▶ [Collected data entries]
lemma is_lift_mult:
  assumes F: "F \<in> auto AL" "F' \<in> auto AL" and f: "f \<in> auto AG" "f' \<in> auto AG"
    and "is_lift VL EL VG EG \<phi> f F" "is_lift VL EL VG EG \<phi> f' F'"
  shows "is_lift VL EL VG EG \<phi> (f \<otimes>\<^bsub>AutoGroup AG\<^esub> f') (F \<otimes>\<^bsub>AutoGroup AL\<^esub> F')"
  using assms group.auto_closed[OF group_AL F(2)]
  by (simp add: is_lift_def group.AutoGroup_mult_apply[OF group_AG f] group.AutoGroup_mult_apply[OF group_AL F]
      \<Phi>_closed)

lemma is_lift_inv:
  assumes F: "F \<in> auto AL" and f: "f \<in> auto AG" and l: "is_lift VL EL VG EG \<phi> f F"
  shows "is_lift VL EL VG EG \<phi> (inv\<^bsub>AutoGroup AG\<^esub> f) (inv\<^bsub>AutoGroup AL\<^esub> F)"
  unfolding is_lift_def
proof
  fix x assume x: "x \<in> carrier AL"
  let ?y = "(inv\<^bsub>AutoGroup AL\<^esub> F) x"
  have y: "?y \<in> carrier AL"
    by (rule group.auto_closed[OF group_AL group.AutoGroup_inv_closed[OF group_AL F] x])
  have "f (\<Phi> ?y) = \<Phi> x"
    using l y group.AutoGroup_inv_apply_right[OF group_AL F x] by (simp add: is_lift_def)
  then show "(inv\<^bsub>AutoGroup AG\<^esub> f) (\<Phi> x) = \<Phi> ?y"
    using group.AutoGroup_inv_apply_left[OF group_AG f \<Phi>_closed[OF y]] by simp
qed

lemma is_lift_id: "is_lift VL EL VG EG \<phi> (\<lambda>x\<in>carrier AG. x) (\<lambda>x\<in>carrier AL. x)"
  by (simp add: is_lift_def \<Phi>_closed)

lemma FD_subset_FAut: "FD VL EL VG EG \<phi> \<subseteq> FAut VL EL VG EG \<phi>"
  using group.id_in_auto[OF group_AG] by (auto simp: FD_def FAut_def)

▶ [Task item] Through the last line of the entries above, beginning at the line containing "AG\<^esub> f) (\<Phi>", transcribe each line exactly, both ends included and nothing more.

▶ [Response]
  then show "(inv\<^bsub>AutoGroup AG\<^esub> f) (\<Phi> x) = \<Phi> ?y"
    using group.AutoGroup_inv_apply_left[OF group_AG f \<Phi>_closed[OF y]] by simp
qed

lemma is_lift_id: "is_lift VL EL VG EG \<phi> (\<lambda>x\<in>carrier AG. x) (\<lambda>x\<in>carrier AL. x)"
  by (simp add: is_lift_def \<Phi>_closed)

lemma FD_subset_FAut: "FD VL EL VG EG \<phi> \<subseteq> FAut VL EL VG EG \<phi>"
  using group.id_in_auto[OF group_AG] by (auto simp: FD_def FAut_def)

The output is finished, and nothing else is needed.